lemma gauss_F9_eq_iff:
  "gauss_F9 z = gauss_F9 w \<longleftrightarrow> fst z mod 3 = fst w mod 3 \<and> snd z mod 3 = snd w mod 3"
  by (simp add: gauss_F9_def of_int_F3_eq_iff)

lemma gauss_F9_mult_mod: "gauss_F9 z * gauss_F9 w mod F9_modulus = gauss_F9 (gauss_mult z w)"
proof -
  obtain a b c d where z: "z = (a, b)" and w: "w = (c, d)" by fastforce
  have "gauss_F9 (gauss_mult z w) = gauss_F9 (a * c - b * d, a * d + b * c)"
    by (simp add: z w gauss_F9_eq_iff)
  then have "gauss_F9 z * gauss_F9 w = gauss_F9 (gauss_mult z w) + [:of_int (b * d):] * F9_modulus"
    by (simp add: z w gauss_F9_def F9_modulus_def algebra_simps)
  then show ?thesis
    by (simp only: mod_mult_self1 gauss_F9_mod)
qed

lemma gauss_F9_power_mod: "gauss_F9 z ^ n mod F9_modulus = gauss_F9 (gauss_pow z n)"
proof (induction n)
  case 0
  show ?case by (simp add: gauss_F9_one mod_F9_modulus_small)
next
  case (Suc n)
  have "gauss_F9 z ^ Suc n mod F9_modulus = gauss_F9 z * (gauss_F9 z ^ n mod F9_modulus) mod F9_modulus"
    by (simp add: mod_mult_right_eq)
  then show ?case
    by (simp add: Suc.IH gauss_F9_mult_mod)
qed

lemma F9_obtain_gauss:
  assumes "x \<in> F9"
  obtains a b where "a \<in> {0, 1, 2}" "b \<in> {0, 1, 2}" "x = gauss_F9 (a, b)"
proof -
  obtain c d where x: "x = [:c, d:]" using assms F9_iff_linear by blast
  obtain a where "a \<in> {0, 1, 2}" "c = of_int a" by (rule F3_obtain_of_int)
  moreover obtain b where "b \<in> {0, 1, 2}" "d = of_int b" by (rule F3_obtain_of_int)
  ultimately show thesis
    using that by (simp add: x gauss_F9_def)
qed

━━━━━━━━━━

• What is needed
Extract every line from the one with "obtain c d where" down to the final line above, both included, exactly as written.

• Answer to the exercise
  obtain c d where x: "x = [:c, d:]" using assms F9_iff_linear by blast
  obtain a where "a \<in> {0, 1, 2}" "c = of_int a" by (rule F3_obtain_of_int)
  moreover obtain b where "b \<in> {0, 1, 2}" "d = of_int b" by (rule F3_obtain_of_int)
  ultimately show thesis
    using that by (simp add: x gauss_F9_def)
qed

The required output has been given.